== Study material ==

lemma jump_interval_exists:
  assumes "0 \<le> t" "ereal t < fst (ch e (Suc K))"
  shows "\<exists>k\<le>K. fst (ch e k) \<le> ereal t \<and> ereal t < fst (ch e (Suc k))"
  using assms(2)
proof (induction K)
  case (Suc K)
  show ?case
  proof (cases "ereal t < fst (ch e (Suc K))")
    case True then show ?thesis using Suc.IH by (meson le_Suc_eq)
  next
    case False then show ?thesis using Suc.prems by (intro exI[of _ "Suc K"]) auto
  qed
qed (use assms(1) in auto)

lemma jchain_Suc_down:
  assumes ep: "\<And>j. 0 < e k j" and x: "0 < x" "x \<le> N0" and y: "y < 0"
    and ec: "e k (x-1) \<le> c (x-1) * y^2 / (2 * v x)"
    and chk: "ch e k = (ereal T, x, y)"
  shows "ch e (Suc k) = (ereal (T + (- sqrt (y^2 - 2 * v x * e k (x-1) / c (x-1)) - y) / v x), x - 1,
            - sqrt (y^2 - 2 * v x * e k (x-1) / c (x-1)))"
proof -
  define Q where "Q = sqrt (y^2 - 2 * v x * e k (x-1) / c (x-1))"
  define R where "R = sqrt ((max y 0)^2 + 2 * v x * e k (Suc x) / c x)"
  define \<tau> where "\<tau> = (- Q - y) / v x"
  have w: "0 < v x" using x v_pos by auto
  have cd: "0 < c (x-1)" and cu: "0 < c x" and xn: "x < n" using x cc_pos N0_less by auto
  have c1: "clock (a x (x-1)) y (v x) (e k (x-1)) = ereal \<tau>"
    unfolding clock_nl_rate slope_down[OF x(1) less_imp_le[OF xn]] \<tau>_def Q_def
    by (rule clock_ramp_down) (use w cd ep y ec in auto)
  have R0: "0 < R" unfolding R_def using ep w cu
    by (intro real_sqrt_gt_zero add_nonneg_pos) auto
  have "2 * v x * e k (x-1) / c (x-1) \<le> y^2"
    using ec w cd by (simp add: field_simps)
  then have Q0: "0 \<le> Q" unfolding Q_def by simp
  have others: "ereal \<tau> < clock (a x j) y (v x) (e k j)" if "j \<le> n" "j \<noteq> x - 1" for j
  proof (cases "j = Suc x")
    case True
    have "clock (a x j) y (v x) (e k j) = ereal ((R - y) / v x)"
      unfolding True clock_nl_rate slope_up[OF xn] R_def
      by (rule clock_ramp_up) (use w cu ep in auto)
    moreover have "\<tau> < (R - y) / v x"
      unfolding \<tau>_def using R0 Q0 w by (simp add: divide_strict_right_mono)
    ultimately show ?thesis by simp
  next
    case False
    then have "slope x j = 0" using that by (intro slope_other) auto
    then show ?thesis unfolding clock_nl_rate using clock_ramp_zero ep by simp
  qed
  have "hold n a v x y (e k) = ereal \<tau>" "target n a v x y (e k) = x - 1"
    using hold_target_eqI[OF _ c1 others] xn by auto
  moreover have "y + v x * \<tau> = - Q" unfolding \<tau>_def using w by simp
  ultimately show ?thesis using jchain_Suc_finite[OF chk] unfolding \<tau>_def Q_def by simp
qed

===
== Study material ==

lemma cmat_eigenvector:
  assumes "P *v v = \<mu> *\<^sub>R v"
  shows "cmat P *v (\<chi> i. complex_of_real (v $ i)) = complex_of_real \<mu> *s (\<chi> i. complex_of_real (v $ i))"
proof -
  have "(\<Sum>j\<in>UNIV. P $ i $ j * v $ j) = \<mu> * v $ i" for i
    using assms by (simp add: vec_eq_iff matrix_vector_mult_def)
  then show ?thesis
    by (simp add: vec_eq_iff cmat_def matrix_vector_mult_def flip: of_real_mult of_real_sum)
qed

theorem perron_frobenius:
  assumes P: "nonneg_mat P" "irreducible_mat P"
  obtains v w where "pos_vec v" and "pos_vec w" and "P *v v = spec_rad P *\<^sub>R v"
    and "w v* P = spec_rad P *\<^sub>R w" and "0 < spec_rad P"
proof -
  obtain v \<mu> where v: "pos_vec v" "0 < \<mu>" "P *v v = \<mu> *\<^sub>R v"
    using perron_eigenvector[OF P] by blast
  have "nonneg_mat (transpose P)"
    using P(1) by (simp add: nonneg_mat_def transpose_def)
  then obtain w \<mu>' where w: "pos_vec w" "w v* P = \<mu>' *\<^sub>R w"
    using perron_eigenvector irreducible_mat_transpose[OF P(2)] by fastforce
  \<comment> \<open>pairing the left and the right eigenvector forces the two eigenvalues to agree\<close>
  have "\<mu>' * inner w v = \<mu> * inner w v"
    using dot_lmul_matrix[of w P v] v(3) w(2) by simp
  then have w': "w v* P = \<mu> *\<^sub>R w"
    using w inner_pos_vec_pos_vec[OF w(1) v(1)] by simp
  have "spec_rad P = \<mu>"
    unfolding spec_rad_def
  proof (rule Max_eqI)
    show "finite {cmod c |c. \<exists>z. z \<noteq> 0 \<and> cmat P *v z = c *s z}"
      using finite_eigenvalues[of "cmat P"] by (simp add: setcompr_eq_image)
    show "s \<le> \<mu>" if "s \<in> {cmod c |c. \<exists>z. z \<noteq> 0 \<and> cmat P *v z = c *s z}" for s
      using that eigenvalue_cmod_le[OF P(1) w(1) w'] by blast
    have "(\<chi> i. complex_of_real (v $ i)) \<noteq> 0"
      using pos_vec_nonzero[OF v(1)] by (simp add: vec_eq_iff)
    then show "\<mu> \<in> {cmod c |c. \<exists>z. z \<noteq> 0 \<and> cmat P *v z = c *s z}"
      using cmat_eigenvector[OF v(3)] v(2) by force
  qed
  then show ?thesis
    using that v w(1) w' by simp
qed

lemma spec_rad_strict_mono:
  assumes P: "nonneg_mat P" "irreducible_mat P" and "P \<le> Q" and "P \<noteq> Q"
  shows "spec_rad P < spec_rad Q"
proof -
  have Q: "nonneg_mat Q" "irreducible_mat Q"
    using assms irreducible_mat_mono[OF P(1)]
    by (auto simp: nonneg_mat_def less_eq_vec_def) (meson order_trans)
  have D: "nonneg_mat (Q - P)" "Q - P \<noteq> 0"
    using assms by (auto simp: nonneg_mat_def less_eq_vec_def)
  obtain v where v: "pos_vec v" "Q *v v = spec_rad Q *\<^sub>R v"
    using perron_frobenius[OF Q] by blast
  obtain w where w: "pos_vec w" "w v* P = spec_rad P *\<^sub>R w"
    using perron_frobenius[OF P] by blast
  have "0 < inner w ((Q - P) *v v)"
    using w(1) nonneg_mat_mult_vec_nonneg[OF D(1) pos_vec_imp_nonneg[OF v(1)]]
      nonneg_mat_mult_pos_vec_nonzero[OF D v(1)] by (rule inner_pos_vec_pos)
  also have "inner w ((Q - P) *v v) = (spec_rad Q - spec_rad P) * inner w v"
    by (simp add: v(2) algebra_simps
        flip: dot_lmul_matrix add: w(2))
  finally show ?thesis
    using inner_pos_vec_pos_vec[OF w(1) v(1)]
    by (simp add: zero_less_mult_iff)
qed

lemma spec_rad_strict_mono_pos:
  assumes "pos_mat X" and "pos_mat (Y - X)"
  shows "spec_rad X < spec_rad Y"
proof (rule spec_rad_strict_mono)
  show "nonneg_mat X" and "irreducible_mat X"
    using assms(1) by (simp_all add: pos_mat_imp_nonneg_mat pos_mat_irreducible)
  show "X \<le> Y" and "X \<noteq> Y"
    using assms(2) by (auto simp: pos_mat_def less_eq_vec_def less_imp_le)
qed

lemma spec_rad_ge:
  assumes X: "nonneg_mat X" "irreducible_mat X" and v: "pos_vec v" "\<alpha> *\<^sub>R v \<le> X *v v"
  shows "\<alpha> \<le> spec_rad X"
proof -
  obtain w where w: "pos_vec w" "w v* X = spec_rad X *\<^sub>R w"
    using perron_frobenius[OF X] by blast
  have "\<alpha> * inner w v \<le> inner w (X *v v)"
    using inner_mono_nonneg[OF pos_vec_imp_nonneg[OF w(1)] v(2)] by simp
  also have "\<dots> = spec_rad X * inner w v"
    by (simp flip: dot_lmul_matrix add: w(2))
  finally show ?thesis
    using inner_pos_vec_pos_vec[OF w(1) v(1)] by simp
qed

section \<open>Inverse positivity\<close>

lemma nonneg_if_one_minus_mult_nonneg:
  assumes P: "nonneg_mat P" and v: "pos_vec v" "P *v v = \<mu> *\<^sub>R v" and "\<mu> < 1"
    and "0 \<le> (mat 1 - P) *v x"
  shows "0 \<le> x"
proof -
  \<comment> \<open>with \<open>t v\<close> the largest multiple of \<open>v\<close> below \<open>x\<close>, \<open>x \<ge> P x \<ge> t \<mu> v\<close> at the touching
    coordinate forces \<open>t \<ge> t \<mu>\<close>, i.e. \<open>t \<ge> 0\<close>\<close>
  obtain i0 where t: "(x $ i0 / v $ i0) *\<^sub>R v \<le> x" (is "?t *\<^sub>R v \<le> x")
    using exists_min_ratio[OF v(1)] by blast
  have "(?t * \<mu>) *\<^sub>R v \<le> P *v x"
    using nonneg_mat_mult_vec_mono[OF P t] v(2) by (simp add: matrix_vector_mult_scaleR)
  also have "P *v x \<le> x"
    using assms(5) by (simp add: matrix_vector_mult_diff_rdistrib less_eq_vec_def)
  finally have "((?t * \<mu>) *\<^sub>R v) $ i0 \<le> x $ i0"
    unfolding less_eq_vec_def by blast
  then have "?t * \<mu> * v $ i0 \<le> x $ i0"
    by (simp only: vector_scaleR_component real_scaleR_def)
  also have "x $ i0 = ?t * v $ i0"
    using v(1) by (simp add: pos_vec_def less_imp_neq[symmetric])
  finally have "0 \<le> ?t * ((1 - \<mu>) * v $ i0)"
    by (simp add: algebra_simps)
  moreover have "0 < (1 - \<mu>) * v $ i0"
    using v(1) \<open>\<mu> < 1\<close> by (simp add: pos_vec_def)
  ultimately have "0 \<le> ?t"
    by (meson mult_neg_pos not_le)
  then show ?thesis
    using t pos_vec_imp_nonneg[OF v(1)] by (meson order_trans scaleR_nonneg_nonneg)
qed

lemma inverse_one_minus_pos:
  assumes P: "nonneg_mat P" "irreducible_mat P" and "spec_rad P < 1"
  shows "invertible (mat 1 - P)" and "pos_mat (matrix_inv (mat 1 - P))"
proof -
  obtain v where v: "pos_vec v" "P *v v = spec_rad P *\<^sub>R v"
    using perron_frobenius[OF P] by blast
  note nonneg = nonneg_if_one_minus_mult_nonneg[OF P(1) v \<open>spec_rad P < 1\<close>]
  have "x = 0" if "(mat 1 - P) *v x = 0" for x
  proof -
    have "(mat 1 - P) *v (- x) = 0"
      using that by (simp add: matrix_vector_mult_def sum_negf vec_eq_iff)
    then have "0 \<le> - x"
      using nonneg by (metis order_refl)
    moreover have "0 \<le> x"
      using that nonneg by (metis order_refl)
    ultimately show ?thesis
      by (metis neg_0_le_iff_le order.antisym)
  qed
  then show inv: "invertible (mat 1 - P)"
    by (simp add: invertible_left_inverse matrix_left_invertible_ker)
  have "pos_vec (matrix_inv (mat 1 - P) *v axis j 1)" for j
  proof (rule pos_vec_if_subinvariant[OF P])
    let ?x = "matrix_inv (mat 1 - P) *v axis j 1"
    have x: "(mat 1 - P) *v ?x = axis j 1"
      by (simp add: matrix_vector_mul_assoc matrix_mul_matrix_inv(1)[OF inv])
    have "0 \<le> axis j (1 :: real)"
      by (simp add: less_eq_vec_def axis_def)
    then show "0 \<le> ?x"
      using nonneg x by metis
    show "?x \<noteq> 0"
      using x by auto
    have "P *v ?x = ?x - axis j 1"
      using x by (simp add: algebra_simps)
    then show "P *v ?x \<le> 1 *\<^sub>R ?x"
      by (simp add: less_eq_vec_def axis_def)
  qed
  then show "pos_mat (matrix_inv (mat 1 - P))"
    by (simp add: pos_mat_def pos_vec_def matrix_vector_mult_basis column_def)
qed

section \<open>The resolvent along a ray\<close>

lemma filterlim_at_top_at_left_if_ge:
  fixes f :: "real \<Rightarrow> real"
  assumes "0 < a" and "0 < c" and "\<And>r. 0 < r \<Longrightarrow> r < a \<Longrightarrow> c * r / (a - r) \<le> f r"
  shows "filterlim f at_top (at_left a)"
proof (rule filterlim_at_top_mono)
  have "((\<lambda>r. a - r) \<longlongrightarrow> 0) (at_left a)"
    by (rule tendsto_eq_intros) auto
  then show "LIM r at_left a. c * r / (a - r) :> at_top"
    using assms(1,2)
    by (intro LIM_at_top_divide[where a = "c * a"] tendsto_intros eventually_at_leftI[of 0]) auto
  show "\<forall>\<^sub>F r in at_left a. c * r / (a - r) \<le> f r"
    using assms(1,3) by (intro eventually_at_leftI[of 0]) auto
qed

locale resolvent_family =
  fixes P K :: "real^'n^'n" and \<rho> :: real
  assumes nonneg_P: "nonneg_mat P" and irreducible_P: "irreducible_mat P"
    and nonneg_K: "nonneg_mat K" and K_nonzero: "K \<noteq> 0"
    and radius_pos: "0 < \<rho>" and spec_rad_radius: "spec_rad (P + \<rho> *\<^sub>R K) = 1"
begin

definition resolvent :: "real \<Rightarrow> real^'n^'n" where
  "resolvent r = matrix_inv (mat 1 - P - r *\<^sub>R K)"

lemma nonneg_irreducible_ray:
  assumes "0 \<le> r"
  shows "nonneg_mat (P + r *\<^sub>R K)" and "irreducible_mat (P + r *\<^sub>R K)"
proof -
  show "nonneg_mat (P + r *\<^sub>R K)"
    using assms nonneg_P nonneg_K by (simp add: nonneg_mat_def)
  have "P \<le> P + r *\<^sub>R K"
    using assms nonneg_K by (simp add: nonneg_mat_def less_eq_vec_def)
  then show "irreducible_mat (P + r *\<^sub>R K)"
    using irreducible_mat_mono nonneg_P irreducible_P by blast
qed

===

■ **About this task**
In how many lines of the records does the string "alpha" occur? Answer with the number alone.

■ **Exercise result**
3